Yeah. Yeah. So I'll start and then I'll ask Blake to kind of fill in his perspective because obviously when it comes to spend management, we've kind of got the guru in the room. So I kind of want him to have a chance to, to talk to you guys about that. So really what we see is that our customers have been asking for spend management solutions. They've been asking for expense management solutions. They've been asking for these things because they like doing everything in one place. This is the one-stop-shop concept that we've talked about. It's super important that customers can be able to do it in one place. And so we see customers making a lot of spend on corporate cards through the build.com platform.
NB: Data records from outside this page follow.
lemma fusion_step_exists:
  assumes gs: "\<And>k. k < n \<Longrightarrow> gs k \<in> G" and p: "p \<in> Orb" "r > 0"
    and C: "\<And>k. closed (C k) \<and> orbit_splitting (C k)"
  obtains g p' r' where "p' \<in> Orb" "r' > 0" "fusion_step C (gs(n := g)) n p r p' r'"
proof -
  define Hs where "Hs = range (comp_prefix gs n)"
  have Hs: "finite Hs" "Hs \<subseteq> G"
    unfolding Hs_def using finite_range_comp_prefix comp_prefix_in_G gs by blast+
  have "p \<in> ball p r \<inter> Orb" using p by simp
  then have "ball p r \<inter> Orb \<noteq> {}" by blast
  then obtain A B where AB: "open A" "open B" "A \<subseteq> ball p r" "B \<subseteq> ball p r"
    "A \<inter> Orb \<noteq> {}" "B \<inter> Orb \<noteq> {}"
    and separated: "\<forall>h\<in>Hs. \<forall>h'\<in>Hs. \<forall>k\<le>n. \<forall>a\<in>A. \<forall>b\<in>B.
      (h a, h' b) \<notin> C k \<and> (h b, h' a) \<notin> C k"
    by (rule separating_open_pair[OF Hs C open_ball])
  obtain a b where ab: "a \<in> A" "a \<in> Orb" "b \<in> B" "b \<in> Orb" using AB(5,6) by blast
  obtain g where g: "g \<in> G" "g a = b" using Orb_transitive ab(2,4) .
  define K where "K = (\<lambda>(h, c). h \<circ> (if c then g else id)) ` (Hs \<times> UNIV)"
  have "finite K" unfolding K_def using Hs(1) by simp
  moreover have "K \<subseteq> G" unfolding K_def using Hs(2) g(1) comp_in_G id_in_G by auto
  then have "isCont k a" if "k \<in> K" for k
    using that continuous_on_G by (auto simp: continuous_on_eq_continuous_at)
  moreover have "open (A \<inter> g -` B)" "a \<in> A \<inter> g -` B"
    using AB(1,2) ab g open_vimage[OF _ continuous_on_G] by auto
  moreover have "(1/2::real)^n / 2 > 0" by simp
  ultimately obtain d where d: "d > 0" "cball a d \<subseteq> A \<inter> g -` B"
    and small: "\<forall>k\<in>K. \<forall>u\<in>cball a d. dist (k u) (k a) < (1/2)^n / 2"
    by (rule finite_isCont_cball)
  have prefix_upd: "comp_prefix (gs(n := g)) n = comp_prefix gs n"
    by (intro ext comp_prefix_cong) auto
  have diameter: "dist (comp_prefix (gs(n := g)) (Suc n) y u) (comp_prefix (gs(n := g)) (Suc n) y v)
      < (1/2)^n" if "u \<in> cball a d" "v \<in> cball a d" for y u v
  proof -
    define k where "k = comp_prefix gs n y \<circ> (if y n then g else id)"
    have "k \<in> K" unfolding K_def k_def Hs_def by (rule image_eqI[of _ _ "(_, y n)"]) auto
    then have "dist (k u) (k a) < (1/2)^n / 2" "dist (k v) (k a) < (1/2)^n / 2"
      using small that by auto
    then have "dist (k u) (k v) < (1/2)^n"
      using dist_triangle_half_l[of "k u" "k a" _ "k v"] by (simp add: dist_commute)
    then show ?thesis by (cases "y n") (simp_all add: prefix_upd k_def)
  qed
  have "fusion_step C (gs(n := g)) n p r a d"
    unfolding fusion_step_def prefix_upd fun_upd_same
  proof (intro conjI allI impI)
    show "cball a d \<subseteq> ball p r" "g ` cball a d \<subseteq> ball p r" using d(2) AB(3,4) by auto
    fix y z k u v assume "k \<le> n" "u \<in> cball a d" "v \<in> cball a d"
    moreover have "comp_prefix gs n y \<in> Hs" "comp_prefix gs n z \<in> Hs" by (simp_all add: Hs_def)
    ultimately show "(comp_prefix gs n y u, comp_prefix gs n z (g v)) \<notin> C k"
      "(comp_prefix gs n y (g v), comp_prefix gs n z u) \<notin> C k"
      using separated d(2) by blast+
  qed (use g(1) diameter in auto)
  with ab(2) d(1) show ?thesis by (rule that)
qed
lemma Ck_open_linear:
  assumes "bounded_linear l"
  shows "Ck_open k U l"
proof (cases k)
  case 0
  then show ?thesis using assms by (simp add: linear_continuous_on)
next
  case (Suc m)
  show ?thesis
    unfolding Suc Ck_open.simps
    by (intro exI[of _ "\<lambda>x v. l v"] conjI ballI allI bounded_linear_imp_has_derivative assms
        Ck_open_const)
qed

lemma Ck_open_bounded_linear_compose:
  "Ck_open k U f \<Longrightarrow> bounded_linear l \<Longrightarrow> Ck_open k U (\<lambda>x. l (f x))"
proof (induction k arbitrary: f)
  case 0
  then show ?case by (simp add: bounded_linear.continuous_on)
next
  case (Suc k)
  obtain D where D: "\<forall>x\<in>U. (f has_derivative D x) (at x)" "\<forall>v. Ck_open k U (\<lambda>x. D x v)"
    using Suc.prems(1) by auto
  show ?case
    unfolding Ck_open.simps
    by (intro exI[of _ "\<lambda>x v. l (D x v)"] conjI ballI allI Suc.IH Suc.prems(2)
        bounded_linear.has_derivative[OF Suc.prems(2)])
      (use D in auto)
qed

lemma Ck_open_compose_bounded_linear:
  "Ck_open k U h \<Longrightarrow> bounded_linear L \<Longrightarrow> Ck_open k (L -` U) (\<lambda>y. h (L y))"
proof (induction k arbitrary: h)
  case 0
  then show ?case
    using continuous_on_compose2[of U h "L -` U" L] linear_continuous_on[of L] by auto
next
  case (Suc k)
  obtain D where D: "\<forall>x\<in>U. (h has_derivative D x) (at x)" "\<forall>v. Ck_open k U (\<lambda>x. D x v)"
    using Suc.prems(1) by auto
  have "((\<lambda>y. h (L y)) has_derivative (\<lambda>v. D (L y) (L v))) (at y)" if "L y \<in> U" for y
    using diff_chain_at[OF bounded_linear_imp_has_derivative[OF Suc.prems(2)], of h "D (L y)"]
      D(1) that by (simp add: o_def)
  then show ?case
    unfolding Ck_open.simps
    by (intro exI[of _ "\<lambda>y v. D (L y) (L v)"] conjI ballI allI)
      (use Suc.IH D(2) Suc.prems(2) in auto)
qed

lemma smooth_on_set_add:
  "smooth_on_set S f \<Longrightarrow> smooth_on_set S g \<Longrightarrow> smooth_on_set S (\<lambda>x. f x + g x)"
  unfolding smooth_on_set_def smooth_open_def
proof (elim exE conjE)
  fix U hf V hg
  assume "S \<subseteq> U" "open U" "\<forall>k. Ck_open k U hf" "\<forall>x\<in>S. hf x = f x"
    and "S \<subseteq> V" "open V" "\<forall>k. Ck_open k V hg" "\<forall>x\<in>S. hg x = g x"
  then show "\<exists>W h. S \<subseteq> W \<and> (open W \<and> (\<forall>k. Ck_open k W h)) \<and> (\<forall>x\<in>S. h x = f x + g x)"
    by (intro exI[of _ "U \<inter> V"] exI[of _ "\<lambda>x. hf x + hg x"])
      (auto intro!: Ck_open_add elim: Ck_open_subset)
qed

lemma smooth_on_set_const: "smooth_on_set S (\<lambda>x. c)"
  unfolding smooth_on_set_def smooth_open_def by (metis Ck_open_const open_UNIV subset_UNIV)

lemma smooth_on_set_linear: "bounded_linear l \<Longrightarrow> smooth_on_set S l"
  unfolding smooth_on_set_def smooth_open_def by (metis Ck_open_linear open_UNIV subset_UNIV)

lemma smooth_on_set_bounded_linear_compose:
  "smooth_on_set S f \<Longrightarrow> bounded_linear l \<Longrightarrow> smooth_on_set S (\<lambda>x. l (f x))"
  unfolding smooth_on_set_def smooth_open_def by (metis Ck_open_bounded_linear_compose)

lemma smooth_on_set_const_minus_inner: "smooth_on_set S (\<lambda>y. c - a \<bullet> y)"
  using smooth_on_set_add[OF smooth_on_set_const smooth_on_set_linear[of "\<lambda>y. - (a \<bullet> y)"]]
  by (simp add: bounded_linear_minus bounded_linear_inner_right)

lemma smooth_on_set_compose_bounded_linear:
  assumes "smooth_on_set S f" "bounded_linear L" "L ` T \<subseteq> S"
  shows "smooth_on_set T (\<lambda>y. f (L y))"
proof -
  obtain U h where "S \<subseteq> U" "open U" "\<forall>k. Ck_open k U h" "\<forall>x\<in>S. h x = f x"
    using assms(1) unfolding smooth_on_set_def smooth_open_def by blast
  with assms(2,3) show ?thesis
    unfolding smooth_on_set_def smooth_open_def
    by (intro exI[of _ "L -` U"] exI[of _ "\<lambda>y. h (L y)"])
      (auto intro!: Ck_open_compose_bounded_linear continuous_open_vimage linear_continuous_at)
qed

lemma matrix_inv_invertible:
  fixes A :: "'a::semiring_1^'n^'m"
  assumes "invertible A"
  shows matrix_inv_right: "A ** matrix_inv A = mat 1"
    and matrix_inv_left: "matrix_inv A ** A = mat 1"
  using someI_ex[OF assms[unfolded invertible_def]] unfolding matrix_inv_def by auto

lemma matrix_inv_unique:
  fixes A B :: "'a::semiring_1^'n^'n"
  assumes "A ** B = mat 1" "B ** A = mat 1"
  shows "matrix_inv A = B"
proof -
  have "invertible A" using assms unfolding invertible_def by blast
  then have "matrix_inv A = matrix_inv A ** (A ** B)" using assms by simp
  also have "\<dots> = B" using matrix_inv_left[OF \<open>invertible A\<close>] by (simp add: matrix_mul_assoc)
  finally show ?thesis .
qed
lemma real_sym_mat_has_eigenvector:
  fixes A :: "real mat"
  assumes A: "A \<in> carrier_mat n n" and n: "0 < n" and sym: "transpose_mat A = A"
  obtains e x where "x \<in> carrier_vec n" "x \<noteq> 0\<^sub>v n" "A *\<^sub>v x = e \<cdot>\<^sub>v x"
proof -
  define Ac where "Ac = map_mat complex_of_real A"
  have Ac: "Ac \<in> carrier_mat n n" using A by (simp add: Ac_def)
  obtain as where cp: "char_poly Ac = (\<Prod>a\<leftarrow>as. [:- a, 1:])" and len: "length as = n"
    using char_poly_factorized[OF Ac] by blast
  obtain a where a: "a \<in> set as" using len n by (cases as) auto
  have "poly (char_poly Ac) a = 0" unfolding cp by (rule linear_poly_root[OF a])
  hence "eigenvalue Ac a" using eigenvalue_root_char_poly[OF Ac] by simp
  then obtain v where v: "v \<in> carrier_vec n" "v \<noteq> 0\<^sub>v n" "Ac *\<^sub>v v = a \<cdot>\<^sub>v v"
    unfolding eigenvalue_def eigenvector_def using Ac by auto
  define r where "r = Re a"
  have a_real: "a = complex_of_real r"
    unfolding r_def by (rule real_sym_mat_complex_eigenvalue_real[OF A sym v[unfolded Ac_def]])
  \<comment> \<open>real and imaginary parts of a complex eigenvector for a real eigenvalue are real eigenvectors\<close>
  have parts: "A *\<^sub>v vec n (\<lambda>i. f (v $ i)) = r \<cdot>\<^sub>v vec n (\<lambda>i. f (v $ i))"
    if f: "f = Re \<or> f = Im" for f
  proof (rule eq_vecI)
    fix i assume "i < dim_vec (r \<cdot>\<^sub>v vec n (\<lambda>i. f (v $ i)))"
    hence i: "i < n" by simp
    have "(Ac *\<^sub>v v) $ i = (a \<cdot>\<^sub>v v) $ i" using v(3) by simp
    hence "(\<Sum>j<n. complex_of_real (A $$ (i,j)) * v $ j) = complex_of_real r * v $ i"
      using i A v(1) a_real by (simp add: Ac_def scalar_prod_def lessThan_atLeast0 mult.commute)
    from arg_cong[OF this, of f] f
    show "(A *\<^sub>v vec n (\<lambda>i. f (v $ i))) $ i = (r \<cdot>\<^sub>v vec n (\<lambda>i. f (v $ i))) $ i"
      using i carrier_matD[OF A] by (auto simp: Re_sum Im_sum scalar_prod_def lessThan_atLeast0)
  qed (use A in simp)
  obtain i0 where i0: "i0 < n" "v $ i0 \<noteq> 0" using v(1,2) by (metis carrier_vecD eq_vecI index_zero_vec(1,2))
  have nonzero: "vec n (\<lambda>i. f (v $ i)) \<noteq> 0\<^sub>v n" if "f (v $ i0) \<noteq> 0" for f :: "complex \<Rightarrow> real"
    using that i0(1) by (metis index_vec index_zero_vec(1))
  show ?thesis
  proof (cases "Re (v $ i0) = 0")
    case True
    hence "Im (v $ i0) \<noteq> 0" using i0(2) by (simp add: complex_eq_iff)
    from that[OF vec_carrier nonzero[of Im, OF this] parts] show ?thesis by simp
  next
    case False
    from that[OF vec_carrier nonzero[of Re, OF False] parts] show ?thesis by simp
  qed
qed

definition householder_mat :: "nat \<Rightarrow> real vec \<Rightarrow> real mat" where
  "householder_mat n w = mat n n (\<lambda>(i,j). (if i = j then 1 else 0) - (2 / (w \<bullet> w)) * w $ i * w $ j)"

lemma householder_mat_carrier [simp]: "householder_mat n w \<in> carrier_mat n n"
  by (simp add: householder_mat_def)

lemma transpose_householder_mat: "transpose_mat (householder_mat n w) = householder_mat n w"
  by (rule eq_matI) (auto simp: householder_mat_def)

lemma householder_mat_involution:
  assumes w: "w \<in> carrier_vec n"
  shows "householder_mat n w * householder_mat n w = 1\<^sub>m n"
proof (rule eq_matI)
  define c where "c = 2 / (w \<bullet> w)"
  have ww: "w \<bullet> w = (\<Sum>k<n. w $ k * w $ k)" using w by (simp add: scalar_prod_def lessThan_atLeast0)
  have cc: "c * c * (w \<bullet> w) = 2 * c" unfolding c_def by (cases "w \<bullet> w = 0") (auto simp: field_simps)
  fix i j assume "i < dim_row (1\<^sub>m n)" "j < dim_col (1\<^sub>m n)"
  hence i: "i < n" and j: "j < n" by auto
  have "(householder_mat n w * householder_mat n w) $$ (i,j)
      = (\<Sum>k<n. ((if i = k then 1 else 0) - c * w $ i * w $ k) * ((if k = j then 1 else 0) - c * w $ k * w $ j))"
    using i j by (simp add: householder_mat_def c_def scalar_prod_def lessThan_atLeast0 row_def col_def)
  also have "\<dots> = (\<Sum>k<n. (if i = k then 1 else 0) * (if k = j then 1 else 0))
     - (\<Sum>k<n. (if i = k then 1 else 0) * (c * w $ k * w $ j))
     - (\<Sum>k<n. (c * w $ i * w $ k) * (if k = j then 1 else 0))
     + c * c * w $ i * w $ j * (\<Sum>k<n. w $ k * w $ k)"
    by (simp add: algebra_simps sum.distrib sum_subtractf sum_distrib_left)
  also have "\<dots> = (if i = j then 1 else 0) - c * w $ i * w $ j - c * w $ i * w $ j
      + c * c * w $ i * w $ j * (w \<bullet> w)"
    using i j by (simp add: ww if_distrib[of "\<lambda>x. x * _"] if_distrib[of "\<lambda>x. _ * x"] cong: if_cong)
  also have "\<dots> = (if i = j then 1 else 0) + (c * c * (w \<bullet> w) - 2 * c) * w $ i * w $ j"
    by (simp add: algebra_simps)
  also have "\<dots> = 1\<^sub>m n $$ (i,j)" using cc i j by simp
  finally show "(householder_mat n w * householder_mat n w) $$ (i,j) = 1\<^sub>m n $$ (i,j)" .
qed (auto simp: householder_mat_def)
(* Let $S=p_1,\ldots,p_n$ have independent entries uniform on $[0,1]$, let the deletion probability satisfy $\delta<10^{-7}$, and let $m>n$. Run Algorithm 1 (described in the context) on independent trace sets $X$ and $Y$ of $S$ with $|X|=m^2$, $|Y|=m^{25}$. Then with probability at least $1-O(m^{-0.2})$, every chunk $M_x$ returned by Algorithm 1 is deletion-free.
   Context: A trace is generated from $S$ by sampling independent bits $t_k$ with $\Pr[t_k=1]=p_k$, deleting each independently with probability $\delta$, and concatenating survivors; each surviving bit originates from a specific original position. Let $w=10000\log m$ (natural logarithm). Two length-$w$ binary segments "match" if their Hamming ($\ell_1$) distance is at most $5w/12$. Algorithm 1: for each trace $x\in X$, draw $i$ uniformly from $\{1,\ldots,n-3w+1\}$ and set $L_x=x_{i..i+w-1}$, $M_x=x_{i+w..i+2w-1}$, $R_x=x_{i+2w..i+3w-1}$. Return $M_x$ iff (1) there exist $y\in Y$ and an index $j$ such that $L_x$ matches $y_{j..j+w-1}$ and $R_x$ matches $y_{j+2w..j+3w-1}$, and (2) there do not exist $y\in Y$ and indices $j,j'$ with $j'-j>2w$ such that $L_x$ matches $y_{j..j+w-1}$ and $R_x$ matches $y_{j'..j'+w-1}$ (windows extending beyond the end of a trace are not considered). A chunk $M_x$ is deletion-free if its $w$ bits originate from $w$ consecutive original positions of $S$. *)

theory Defs
  imports "HOL-Probability.Probability"
begin

text \<open>A trace is a list of surviving bits, each tagged with the (0-based) original
  position of S it originates from.\<close>
type_synonym trace = "(bool \<times> nat) list"

fun list_pmf :: "'a pmf list \<Rightarrow> 'a list pmf" where
  "list_pmf [] = return_pmf []"
| "list_pmf (q # qs) = bind_pmf q (\<lambda>x. bind_pmf (list_pmf qs) (\<lambda>xs. return_pmf (x # xs)))"

definition pos_pmf :: "real \<Rightarrow> (nat \<Rightarrow> real) \<Rightarrow> nat \<Rightarrow> trace pmf" where
  "pos_pmf \<delta> p k =
     bind_pmf (bernoulli_pmf (p k)) (\<lambda>t.
     bind_pmf (bernoulli_pmf \<delta>) (\<lambda>d.
     return_pmf (if d then [] else [(t, k)])))"

definition trace_pmf :: "real \<Rightarrow> nat \<Rightarrow> (nat \<Rightarrow> real) \<Rightarrow> trace pmf" where
  "trace_pmf \<delta> n p = map_pmf concat (list_pmf (map (pos_pmf \<delta> p) [0..<n]))"

definition win_len :: "nat \<Rightarrow> nat" where
  "win_len m = nat \<lceil>10000 * ln (real m)\<rceil>"

text \<open>Window of length w starting at 0-based index i (1-based index i+1).\<close>
definition window :: "nat \<Rightarrow> trace \<Rightarrow> nat \<Rightarrow> trace" where
  "window w x i = take w (drop i x)"

definition matches :: "nat \<Rightarrow> trace \<Rightarrow> trace \<Rightarrow> bool" where
  "matches w a b \<longleftrightarrow> real (card {k. k < w \<and> fst (a ! k) \<noteq> fst (b ! k)}) \<le> 5 * real w / 12"

text \<open>Algorithm 1 returns M_x for trace x with chosen (0-based) start i against trace set Y.\<close>
definition returns :: "nat \<Rightarrow> trace list \<Rightarrow> trace \<Rightarrow> nat \<Rightarrow> bool" where
  "returns w Y x i \<longleftrightarrow>
     i + 3 * w \<le> length x \<and>
     (\<exists>y\<in>set Y. \<exists>j. j + 3 * w \<le> length y \<and>
        matches w (window w x i) (window w y j) \<and>
        matches w (window w x (i + 2 * w)) (window w y (j + 2 * w))) \<and>
     \<not> (\<exists>y\<in>set Y. \<exists>j j'. j + 2 * w < j' \<and> j' + w \<le> length y \<and>
        matches w (window w x i) (window w y j) \<and>
        matches w (window w x (i + 2 * w)) (window w y j'))"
We, you know, believe that there's, you know, like I said, you know, we've got 70 to 75% of the spend and there's another 25 to 30%. And we see a lot of that go through as a card transaction, but we don't have all the individual transactions. So, you know, that's why we believe there's a significant opportunity to cross sell into our base. But I think, you know, let me let Blake out a few words because I know he sees this, you know, all the time from his business.
Yeah, it's a great question. It's something we obviously have really strong opinions on. And frankly, even as a precursor to kind of my response, it's core to why we feel so comfortable working with and combining with Bill.com is that we have a shared vision here. We work so closely with our customers, and we know that small and mid-sized businesses, that they place a premium on consolidation. This is what they want. They want a single platform through which they can make their payments, but then also manage the entirety of their financial back office. And spend management obviously being an important piece of that. And spend management really, the reason behaviorally why it's striking such a nerve now and certainly in the future is that finance teams, they simply want to feel in control. They want control of who spends what, where, when, and why. They want a free flow of data that's real-time instead of reactive. And that's what the Divi platform, in conjunction with Bill.com after the close and after we're able to integrate, will give them that one-stop solution with free-flowing data and complete control.
Your next question comes from the line of Scott Berg from Needham. Your line is open.
Hi, Renee, John, and Blake. Congrats on both the quarter and the transaction. I guess I have two here. First question for Blake. Blake, you and I have had a chance to meet a couple times historically. One of the things that stood out was your aggressive product strategy you had for Divi. As you think about this transaction, what the functionality can bring together, how do you look at that roadmap here maybe over the next couple, three years in terms of what this transaction can bring you?
Yeah, great to speak to you again. It's fun to do it on this side at this point. It's an accelerant to it and that was clear to us and I hope it's clear to you as well as you've been able to have a peek into the hood of the Divi platform and our product roadmap. When thinking about a one-stop solution, corporate card payments, as Renee has already illustrated, is a small portion of that. It was 20% to 25%, and that was always very clear to us. And a big missing piece was then the rest. It was the rest of the payment modalities of how finance teams need to make payments and business owners need to make payments. And this obviously allows us to accelerate giving them flexibility. Pay as you want. We provide you the tools. You make the payments in the way that is the most beneficial to your business. And so, yeah, we see this clearly as an accelerant of that roadmap rather than a hindrance.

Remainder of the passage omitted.